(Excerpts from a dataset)
※ ※ ※
lemma Theta_eq_UN_cell:
  assumes "1 \<le> n"
  shows "Theta_set lo hi = (\<Union>l\<in>{1..2 ^ n}. cell G lo hi n l)"
proof (intro equalityI subsetI)
  fix x assume "x \<in> Theta_set lo hi"
  then have lo: "lo \<le> ereal x" and hi: "ereal x \<le> sba G lo hi n (2 ^ n)"
    using sba_top[OF assms] by (auto simp: Theta_set_def)
  define l where "l = (LEAST l. ereal x \<le> sba G lo hi n l)"
  have x_le: "ereal x \<le> sba G lo hi n l" and "l \<le> 2 ^ n"
    using LeastI[of "\<lambda>l. ereal x \<le> sba G lo hi n l", OF hi]
      Least_le[of "\<lambda>l. ereal x \<le> sba G lo hi n l", OF hi] by (simp_all add: l_def)
  show "x \<in> (\<Union>l\<in>{1..2 ^ n}. cell G lo hi n l)"
  proof (cases "l \<le> 1")
    case True
    then have "ereal x \<le> sba G lo hi n 1" using x_le monoD[OF mono_sba[OF assms], of l 1] by simp
    with lo have "x \<in> cell G lo hi n 1" by (simp add: cell_def)
    then show ?thesis by force
  next
    case False
    then have "\<not> ereal x \<le> sba G lo hi n (l - 1)"
      using not_less_Least[of "l - 1" "\<lambda>l. ereal x \<le> sba G lo hi n l"] by (simp add: l_def)
    with x_le False have "x \<in> cell G lo hi n l" by (simp add: cell_def)
    with False \<open>l \<le> 2 ^ n\<close> show ?thesis by force
  qed
next
  fix x assume "x \<in> (\<Union>l\<in>{1..2 ^ n}. cell G lo hi n l)"
  then obtain l where "l \<in> {1..2 ^ n}" "x \<in> cell G lo hi n l" by blast
  then have "sba G lo hi n 0 \<le> sba G lo hi n (l - 1)" "sba G lo hi n (l - 1) \<le> ereal x"
    "ereal x \<le> sba G lo hi n l" "sba G lo hi n l \<le> sba G lo hi n (2 ^ n)"
    using cell_bounds[of x G lo hi n l] monoD[OF mono_sba[OF assms], of 0 "l - 1"]
      monoD[OF mono_sba[OF assms], of l "2 ^ n"] by auto
  then have "sba G lo hi n 0 \<le> ereal x" "ereal x \<le> sba G lo hi n (2 ^ n)"
    by (meson order_trans)+
  then show "x \<in> Theta_set lo hi" using sba_top[OF assms] by (simp add: Theta_set_def)
qed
※ ※ ※
§ DESCRIPTION OF THE TASK
Once you have found every line above holding the word "where", copy those lines.

§ TASK OUTPUT
  define l where "l = (LEAST l. ereal x \<le> sba G lo hi n l)"
  then obtain l where "l \<in> {1..2 ^ n}" "x \<in> cell G lo hi n l" by blast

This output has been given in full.